#### [Records for the task]
(* If $Y^*\in\mathcal L^1(\mathcal Q)$ and $\rho_{\mathcal Q}$ is continuous from above at $0$, then $\overline{\mathcal Q}$ is compact w.r.t. the topology $\sigma(\overline{\mathcal Q},\mathcal X)$, $co(\mathcal Q)$ is a $\sigma(\overline{\mathcal Q},\mathcal X)$-dense subset of $\overline{\mathcal Q}$, and every member of $\overline{\mathcal Q}$ is absolutely continuous w.r.t. $\mathrm P$.
   Context: Let $(\Omega,\mathcal F,(\mathcal F_t)_{0\le t\le T},\mathrm P)$ be a filtered probability space ($0<T<\infty$) with right-continuous filtration, $\mathcal F=\mathcal F_T$, $\mathcal F_0$ trivial and containing all $\mathrm P$-null sets. $\mathcal Q$ is a nonempty set of probability measures on $\mathcal F$, each absolutely continuous w.r.t. $\mathrm P$, $co(\mathcal Q)$ its convex hull. $\mathcal L^1(\mathcal Q)$ is the set of random variables $X$ with $\sup_{\mathrm Q\in\mathcal Q}\mathbb E_{\mathrm Q}[|X|]<\infty$. $Y=(Y_t)_{0\le t\le T}$ is a right-continuous adapted process with bounded paths, quasi left-uppersemicontinuous w.r.t. $\mathrm P$, and $Y^*:=\sup_{t\in[0,T]}|Y_t|$. $\mathcal X$ is the set of random variables $X$ with $|X|\le C(Y^*+1)$ $\mathrm P$-a.s. for some $C>0$; $\rho_{\mathcal Q}(X)=\sup_{\mathrm Q\in\mathcal Q}\mathbb E_{\mathrm Q}[X]$ for $X\in\mathcal X$; $\rho_{\mathcal Q}$ is continuous from above at $0$ if $\rho_{\mathcal Q}(X_n)\searrow0$ whenever $X_n\in\mathcal X$, $X_n\searrow0$ $\mathrm P$-a.s. $\overline{\mathcal Q}$ is the set of probability measures $\mathrm Q$ on $\mathcal F$ such that every $X\in\mathcal X$ is $\mathrm Q$-integrable and $\mathbb E_{\mathrm Q}[X]\le\rho_{\mathcal Q}(X)$ for all $X\in\mathcal X$. $\sigma(\overline{\mathcal Q},\mathcal X)$ is the coarsest topology on $\overline{\mathcal Q}$ making all maps $\mathrm Q\mapsto\mathbb E_{\mathrm Q}[X]$, $X\in\mathcal X$, continuous. *)

theory Defs
  imports "HOL-Probability.Probability"
begin
(* The sequence $(h(n))_{n\ge0}$ is not strongly $3$-recursive. In fact, for any natural numbers $r<t$, the sequence $(h(3^tn))_{n\ge0}$ is not a linear combination of the sequences $(h(3^rn+a))_{n\ge0}$, $0\le a<3^r$.
   Context: Define $h:\mathbb N\to\mathbb N$ by $h(0)=0$; $h(n)=h(\lfloor n/3\rfloor)+(\lfloor n/3\rfloor \bmod 2)$ if $n>0$ and $n\equiv 0$ or $2\pmod 3$; and $h(n)=h(\lfloor n/9\rfloor)+1$ if $n\equiv1\pmod 3$. Here $x\bmod 2\in\{0,1\}$ is the least nonnegative remainder. A sequence $(f(n))_{n\ge 0}$ is strongly $k$-recursive if there exist natural numbers $r<t$ such that for every $b$ with $0\le b<k^t$, the sequence $(f(k^t n+b))_{n\ge 0}$ is a linear combination, with constant coefficients, of the sequences $(f(k^r n+a))_{n\ge0}$ with $0\le a<k^r$. *)

theory Defs
  imports "HOL-Analysis.Analysis"
begin

function h :: "nat \<Rightarrow> nat" where
  "h n = (if n = 0 then 0
          else if n mod 3 = 1 then h (n div 9) + 1
          else h (n div 3) + (n div 3) mod 2)"
  by auto
termination
  by (relation "Wellfounded.measure id") auto

definition lin_comb_of :: "(nat \<Rightarrow> real) \<Rightarrow> (nat \<Rightarrow> nat \<Rightarrow> real) \<Rightarrow> nat \<Rightarrow> bool" where
  "lin_comb_of f g m \<longleftrightarrow> (\<exists>c :: nat \<Rightarrow> real. \<forall>n. f n = (\<Sum>a<m. c a * g a n))"

definition strongly_recursive :: "nat \<Rightarrow> (nat \<Rightarrow> real) \<Rightarrow> bool" where
  "strongly_recursive k f \<longleftrightarrow>
     (\<exists>r t. r < t \<and> (\<forall>b < k ^ t.
        lin_comb_of (\<lambda>n. f (k ^ t * n + b)) (\<lambda>a n. f (k ^ r * n + a)) (k ^ r)))"

end

theory Submission
  imports Defs
begin

text \<open>Unfolding the recursion shows that \<open>h n\<close> is the number of odd numbers among
  \<open>n, n div 3, n div 9, \<dots>\<close>. Consequently \<open>h (3^r n + a)\<close> is \<open>h n\<close> plus \<open>r\<close> parities
  that depend only on \<open>a\<close> and on the parity of \<open>n\<close>, whereas \<open>h (3^t n) = h n + t (n mod 2)\<close>.
  Testing a putative linear relation at \<open>n = 0, 1, 3\<close> shows that the coefficients sum to 1 and
  then forces \<open>t = r\<close>.\<close>

declare h.simps[simp del]

lemma h_0 [simp]: "h 0 = 0"
  by (subst h.simps) simp

lemma h_eq_h_div3: "h n = h (n div 3) + n mod 2"
proof (induction n rule: less_induct)
  case (less n)
  show ?case
  proof (cases "n = 0")
    case False
    define q where "q = n div 3"
    have "q < n" using False by (simp add: q_def)
    show ?thesis
    proof (cases "n mod 3 = 1")
      case True
      have "n = 3 * q + 1" using True div_mult_mod_eq[of n 3] unfolding q_def by linarith
      then have parity: "n mod 2 + q mod 2 = 1" by presburger
      have "h n = h (q div 3) + 1"
        using False True by (subst h.simps) (simp add: q_def div_mult2_eq[symmetric])
      also have "\<dots> = h q + n mod 2"
        using less.IH[OF \<open>q < n\<close>] parity by linarith
      finally show ?thesis by (simp add: q_def)
    next
      case False': False
      have "n = 3 * q \<or> n = 3 * q + 2"
        using False' div_mult_mod_eq[of n 3] mod_less_divisor[of 3 n] unfolding q_def by linarith
      then have "n mod 2 = q mod 2" by presburger
      then show ?thesis using False False' unfolding q_def by (subst h.simps) simp
    qed
  qed simp
qed

lemma h_pow3_mult_add:
  assumes "a < 3 ^ r"
  shows "h (3 ^ r * n + a) = h n + (\<Sum>j<r. (n + a div 3 ^ j) mod 2)"
  using assms
proof (induction r arbitrary: a)
  case (Suc r)
  have "odd ((3::nat) ^ Suc r)" by simp
  then obtain k where k: "(3::nat) ^ Suc r = 2 * k + 1" by (metis oddE)
  have "3 ^ Suc r * n + a = (n + a) + 2 * (k * n)"
    unfolding k by (simp add: algebra_simps)
  then have "(3 ^ Suc r * n + a) mod 2 = (n + a) mod 2"
    by (metis mod_mult_self2)
  moreover have "(3 ^ Suc r * n + a) div 3 = 3 ^ r * n + a div 3"
    by simp
  ultimately have "h (3 ^ Suc r * n + a) = h (3 ^ r * n + a div 3) + (n + a) mod 2"
    using h_eq_h_div3[of "3 ^ Suc r * n + a"] by simp
  also have "\<dots> = h n + (\<Sum>j<r. (n + a div 3 div 3 ^ j) mod 2) + (n + a) mod 2"
    using Suc by simp
  also have "\<dots> = h n + (\<Sum>j<Suc r. (n + a div 3 ^ j) mod 2)"
    by (simp only: sum.lessThan_Suc_shift) (simp add: div_mult2_eq)
  finally show ?case .
qed simp

lemma h_pow3_mult: "h (3 ^ t * n) = h n + t * (n mod 2)"
  using h_pow3_mult_add[of 0 t n] by simp

lemma sum_parities_complement:
  "(\<Sum>j<r. (Suc n + m j) mod 2) + (\<Sum>j<r. (n + m j) mod 2) = (r :: nat)"
proof -
  have "(Suc n + m j) mod 2 + (n + m j) mod 2 = 1" for j by presburger
  then show ?thesis by (simp add: sum.distrib[symmetric])
qed

lemma not_lin_comb_h_pow3:
  assumes "r < t"
  shows "\<not> lin_comb_of (\<lambda>n. real (h (3 ^ t * n))) (\<lambda>a n. real (h (3 ^ r * n + a))) (3 ^ r)"
proof
  assume "lin_comb_of (\<lambda>n. real (h (3 ^ t * n))) (\<lambda>a n. real (h (3 ^ r * n + a))) (3 ^ r)"
  then obtain c where c: "\<And>n. real (h (3 ^ t * n)) = (\<Sum>a<3^r. c a * real (h (3 ^ r * n + a)))"
    unfolding lin_comb_of_def by blast
  define P where "P n a = (\<Sum>j<r. (n + a div 3 ^ j) mod (2::nat))" for n a
  have P_3: "P 3 a = P 1 a" for a
  proof -
    have "(3 + x) mod 2 = (1 + x) mod 2" for x :: nat by presburger
    then show ?thesis by (simp add: P_def)
  qed
  have P_1: "real (P 1 a) = real r - real (P 0 a)" for a
  proof -
    have "P 1 a + P 0 a = r"
      using sum_parities_complement[of 0 "\<lambda>j. a div 3 ^ j" r] by (simp add: P_def)
    then show ?thesis by (metis add_diff_cancel_right' of_nat_add)
  qed
  have h_1: "h 1 = 1" and h_3: "h 3 = 2"
    using h_eq_h_div3[of 1] h_eq_h_div3[of 3] by simp_all
  have at_n: "real (h n) + real (t * (n mod 2)) = (\<Sum>a<3^r. c a * (real (h n) + real (P n a)))" for n
    using c[of n] h_pow3_mult[of t n] h_pow3_mult_add[of _ r n] by (simp add: P_def)
  have at_0: "(\<Sum>a<3^r. c a * real (P 0 a)) = 0"
    using at_n[of 0] by simp
  have at_1: "(\<Sum>a<3^r. c a * (1 + real (P 1 a))) = 1 + real t"
    using at_n[of 1] h_1 by simp
  have at_3: "(\<Sum>a<3^r. c a * (2 + real (P 1 a))) = 2 + real t"
    using at_n[of 3] h_3 P_3 by simp
  have "(\<Sum>a<3^r. c a) = (\<Sum>a<3^r. c a * (2 + real (P 1 a))) - (\<Sum>a<3^r. c a * (1 + real (P 1 a)))"
    by (simp add: sum_subtractf[symmetric] algebra_simps)
  then have sum_c: "(\<Sum>a<3^r. c a) = 1"
    using at_1 at_3 by simp
  have "1 + real t = (\<Sum>a<3^r. c a) * (1 + real r) - (\<Sum>a<3^r. c a * real (P 0 a))"
    unfolding at_1[symmetric] P_1
    by (simp add: algebra_simps sum.distrib sum_subtractf sum_distrib_left sum_distrib_right)
  then have "real t = real r"
    using sum_c at_0 by simp
  then show False using assms by simp
qed

theorem mainTheorem11:
  shows "\<not> strongly_recursive 3 (\<lambda>n. real (h n)) \<and>
    (\<forall>r t :: nat. r < t \<longrightarrow>
       \<not> lin_comb_of (\<lambda>n. real (h (3 ^ t * n))) (\<lambda>a n. real (h (3 ^ r * n + a))) (3 ^ r))"
proof
  show "\<not> strongly_recursive 3 (\<lambda>n. real (h n))"
  proof
    assume "strongly_recursive 3 (\<lambda>n. real (h n))"
    then obtain r t where "r < t" and
      "lin_comb_of (\<lambda>n. real (h (3 ^ t * n + 0))) (\<lambda>a n. real (h (3 ^ r * n + a))) (3 ^ r)"
      unfolding strongly_recursive_def by fastforce
    then show False using not_lin_comb_h_pow3 by simp
  qed
qed (use not_lin_comb_h_pow3 in blast)

end
section \<open>Moment bounds for the martingale\<close>

text \<open>By \<open>ml_eval_upd\<close>, one step of the walk from \<open>(T, z)\<close> changes \<open>ml_eval m a z\<close>
  by \<open>\<plusminus>query_deriv m a T z\<close>.\<close>

definition query_deriv :: "nat \<Rightarrow> (nat set \<Rightarrow> real) \<Rightarrow> dtree \<Rightarrow> (nat \<Rightarrow> real) \<Rightarrow> real" where
  "query_deriv m a T z = (case T of
      Leaf b \<Rightarrow> 0
    | Node i l r \<Rightarrow> if i < m \<and> z i = 0 then ml_eval m (ml_deriv i a) z else 0)"

lemma walk_step_ml_eval_power_le:
  "walk_step (\<lambda>U z. ml_eval m a z ^ (2 * r)) T z
    \<le> (ml_eval m a z ^ 2 + (2 * real r - 1) * query_deriv m a T z ^ 2) ^ r"
proof (cases T)
  case (Node i l r')
  consider "i < m" "z i = 0" | "m \<le> i" "z i = 0" | "z i \<noteq> 0"
    by linarith
  then show ?thesis
  proof cases
    case 1
    let ?y = "ml_eval m a z" and ?g = "ml_eval m (ml_deriv i a) z"
    have "walk_step (\<lambda>U z. ml_eval m a z ^ (2 * r)) T z = ((?y - ?g) ^ (2 * r) + (?y + ?g) ^ (2 * r)) / 2"
      using 1 by (simp add: Node walk_step_def ml_eval_upd)
    also have "\<dots> \<le> (?y ^ 2 + (2 * real r - 1) * ?g ^ 2) ^ r"
      using two_point_moment_le[of ?y ?g r] by (simp add: add.commute)
    finally show ?thesis
      using 1 by (simp add: Node query_deriv_def)
  qed (simp_all add: Node walk_step_def query_deriv_def ml_eval_upd_outside power_mult)
qed (simp add: walk_step_def query_deriv_def power_mult)
lemma euler_poly_at_0_alternating:
  assumes "k < n"
  shows "of_nat (Suc n) * of_nat (n choose k) * ((-1) ^ (n - k) - 1) * E (n - k) 0 =
    4 * of_nat (Suc n choose k) * (2 ^ (n - k + 1) - 1) * bn (n - k + 1)"
proof -
  define m where "m = n - k"
  have m: "m \<ge> 1" "Suc n - k = Suc m"
    using assms by (auto simp: m_def)
  have "Suc m * (Suc n choose k) = Suc n * (n choose k)"
    using binomial_absorb_comp[of "Suc n" k] m(2) by simp
  then have "of_nat (Suc n) * of_nat (n choose k) = of_nat (Suc n choose k) * (of_nat (Suc m) :: complex)"
    by (metis mult.commute of_nat_mult)
  then have "of_nat (Suc n) * of_nat (n choose k) * ((-1) ^ m - 1) * E m 0 =
      of_nat (Suc n choose k) * ((-1) ^ m - 1) * (of_nat (Suc m) * E m 0)"
    by (simp add: algebra_simps)
  also have "\<dots> = 4 * of_nat (Suc n choose k) * (2 ^ Suc m - 1) * bn (Suc m) * ((1 - (-1) ^ m) / 2)"
    unfolding euler_poly_at_0 by (simp add: field_simps)
  also have "\<dots> = 4 * of_nat (Suc n choose k) * (2 ^ Suc m - 1) * bn (Suc m)"
    using m(1) by (cases "even m") (simp_all add: bernoulli_num_odd_eq_0)
  finally show ?thesis
    by (simp add: m_def)
qed

lemma euler_poly_convolution_diagonal:
  assumes "l < n"
  shows "of_nat ((n + 1) * (n + 1 - l)) / 8 *
      (\<Sum>k = (if l = 0 then 1 else 0)..n. of_nat (n choose k) * of_nat (n choose (k + l - 1))
          * E (k + l - 1) x * E (n - k) x)
    = (\<Sum>k = 0..n - 1. of_nat ((n + 1) choose k) * of_nat ((k + n) choose (k + l))
          * B (k + l) x * (2 ^ (n - k + 1) - 1) * bn (n - k + 1))"
proof -
  define S where "S = (\<Sum>k = (if l = 0 then 1 else 0)..n. of_nat (n choose k) * of_nat (n choose (k + l - 1))
    * E (k + l - 1) x * E (n - k) x)"
  define T where "T k = of_nat (n choose k) * of_nat ((k + n) choose (k + l)) *
    ((-1) ^ (n - k) * B (k + l) x - B (k + l) x) * E (n - k) 0" for k
  have "of_nat (n - l + 1) / 2 * S = (\<Sum>k = 0..n. T k)"
    using euler_poly_convolution[OF assms, of x x] by (simp add: S_def T_def)
  also have "\<dots> = (\<Sum>k = 0..n - 1. T k)"
    using assms by (cases n) (simp_all add: sum.atLeast0_atMost_Suc T_def)
  finally have conv: "of_nat (n - l + 1) / 2 * S = (\<Sum>k = 0..n - 1. T k)" .
  have "(n + 1) * (n + 1 - l) = Suc n * (n - l + 1)"
    using assms by (simp add: Suc_diff_le less_imp_le_nat)
  then have "of_nat ((n + 1) * (n + 1 - l)) / 8 * S = of_nat (Suc n) / 4 * (of_nat (n - l + 1) / 2 * S)"
    by (simp only: of_nat_mult) (simp add: field_simps)
  also have "\<dots> = (\<Sum>k = 0..n - 1. of_nat (Suc n) / 4 * T k)"
    unfolding conv by (simp add: sum_distrib_left)
  also have "\<dots> = (\<Sum>k = 0..n - 1. of_nat ((n + 1) choose k) * of_nat ((k + n) choose (k + l))
      * B (k + l) x * (2 ^ (n - k + 1) - 1) * bn (n - k + 1))"
  proof (intro sum.cong refl)
    fix k
    assume "k \<in> {0..n - 1}"
    then have "k < n"
      using assms by auto
    let ?c = "of_nat ((k + n) choose (k + l)) * B (k + l) x / 4"
    have "of_nat (Suc n) / 4 * T k = ?c * (of_nat (Suc n) * of_nat (n choose k) * ((-1) ^ (n - k) - 1) * E (n - k) 0)"
      unfolding T_def by (simp add: field_simps)
    also have "\<dots> = ?c * (4 * of_nat (Suc n choose k) * (2 ^ (n - k + 1) - 1) * bn (n - k + 1))"
      unfolding euler_poly_at_0_alternating[OF \<open>k < n\<close>] ..
    finally show "of_nat (Suc n) / 4 * T k =
        of_nat ((n + 1) choose k) * of_nat ((k + n) choose (k + l)) * B (k + l) x * (2 ^ (n - k + 1) - 1) * bn (n - k + 1)"
      by simp
  qed
  finally show ?thesis
    unfolding S_def .
qed

lemma bernoulli_poly_convolution_diagonal:
  assumes "l < n"
  shows "(\<Sum>k = 0..n - l. of_nat (n choose k) * of_nat (n choose (k + l)) * B (k + l) x * B (n - k) x)
    = of_nat (2 * n) / of_nat (n - l) *
      (\<Sum>k \<in> {0..n} - {n - 1}. of_nat (n choose k) * of_nat ((k + n - 1) choose (k + l))
          * B (k + l) x * bn (n - k))"
proof -
  define S where "S = (\<Sum>k = 0..n - l. of_nat (n choose k) * of_nat (n choose (k + l)) * B (k + l) x * B (n - k) x)"
  define U where "U = (\<Sum>k \<in> {0..n} - {n - 1}. of_nat (n choose k) * of_nat ((k + n - 1) choose (k + l))
    * B (k + l) x * bn (n - k))"
  define T where "T k = of_nat (n choose k) * of_nat ((k + n - 1) choose (k + l)) *
    ((-1) ^ (n - k) * B (k + l) x + B (k + l) x) * B (n - k) 0" for k
  have "of_nat (n - l) / of_nat n * S = (\<Sum>k = 0..n. T k)"
    using bernoulli_poly_convolution[OF assms, of x x] by (simp add: S_def T_def)
  also have "\<dots> = T (n - 1) + (\<Sum>k \<in> {0..n} - {n - 1}. T k)"
    by (rule sum.remove) auto
  also have "T (n - 1) = 0"
    using assms by (simp add: T_def Suc_diff_Suc [symmetric])
  also have "(\<Sum>k \<in> {0..n} - {n - 1}. T k) = 2 * U"
    unfolding U_def sum_distrib_left
  proof (intro sum.cong refl)
    fix k
    assume "k \<in> {0..n} - {n - 1}"
    then have "n - k \<noteq> 1"
      by auto
    then show "T k = 2 * (of_nat (n choose k) * of_nat ((k + n - 1) choose (k + l)) * B (k + l) x * bn (n - k))"
      by (cases "even (n - k)") (simp_all add: T_def bernoulli_poly_at_0 bernoulli_num_odd_eq_0 algebra_simps)
  qed
  finally have "of_nat (n - l) / of_nat n * S = 2 * U"
    by simp
  then show ?thesis
    using assms unfolding S_def [symmetric] U_def [symmetric] by (simp add: field_simps)
qed

theorem corollary1p2:
  fixes n l :: nat and x y :: complex
  assumes "n > l"
  shows
   "(of_nat (n - l + 1) / 2 *
      (\<Sum>k = (if l = 0 then 1 else 0)..n. of_nat (n choose k) * of_nat (n choose (k + l - 1))
          * euler_poly (k + l - 1) x * euler_poly (n - k) y)
    = (\<Sum>k = 0..n. of_nat (n choose k) * of_nat ((k + n) choose (k + l))
          * ((-1) ^ (n - k) * bernoulli_poly (k + l) x - bernoulli_poly (k + l) y)
          * euler_poly (n - k) (x - y))) \<and>
    (of_nat (n - l) / of_nat n *
      (\<Sum>k = 0..n - l. of_nat (n choose k) * of_nat (n choose (k + l))
          * bernoulli_poly (k + l) x * bernoulli_poly (n - k) y)
    = (\<Sum>k = 0..n. of_nat (n choose k) * of_nat ((k + n - 1) choose (k + l))
          * ((-1) ^ (n - k) * bernoulli_poly (k + l) x + bernoulli_poly (k + l) y)
          * bernoulli_poly (n - k) (x - y))) \<and>
    (of_nat ((n + 1) * (n + 1 - l)) / 8 *
      (\<Sum>k = (if l = 0 then 1 else 0)..n. of_nat (n choose k) * of_nat (n choose (k + l - 1))
          * euler_poly (k + l - 1) x * euler_poly (n - k) x)
    = (\<Sum>k = 0..n - 1. of_nat ((n + 1) choose k) * of_nat ((k + n) choose (k + l))
          * bernoulli_poly (k + l) x * (2 ^ (n - k + 1) - 1) * of_rat (bernoulli_num (n - k + 1)))) \<and>
    ((\<Sum>k = 0..n - l. of_nat (n choose k) * of_nat (n choose (k + l))
          * bernoulli_poly (k + l) x * bernoulli_poly (n - k) x)
    = of_nat (2 * n) / of_nat (n - l) *
      (\<Sum>k \<in> {0..n} - {n - 1}. of_nat (n choose k) * of_nat ((k + n - 1) choose (k + l))
          * bernoulli_poly (k + l) x * of_rat (bernoulli_num (n - k))))"
  using euler_poly_convolution[OF assms] bernoulli_poly_convolution[OF assms]
    euler_poly_convolution_diagonal[OF assms] bernoulli_poly_convolution_diagonal[OF assms]
  by blast

end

#### [What is being asked]
Print, from the entries above, the line with "using c[of n]", the line with "using at_n[of 3] h_3 P_3 by simp" and all lines between them, exactly and with nothing else.

#### [Solved exercise]
    using c[of n] h_pow3_mult[of t n] h_pow3_mult_add[of _ r n] by (simp add: P_def)
  have at_0: "(\<Sum>a<3^r. c a * real (P 0 a)) = 0"
    using at_n[of 0] by simp
  have at_1: "(\<Sum>a<3^r. c a * (1 + real (P 1 a))) = 1 + real t"
    using at_n[of 1] h_1 by simp
  have at_3: "(\<Sum>a<3^r. c a * (2 + real (P 1 a))) = 2 + real t"
    using at_n[of 3] h_3 P_3 by simp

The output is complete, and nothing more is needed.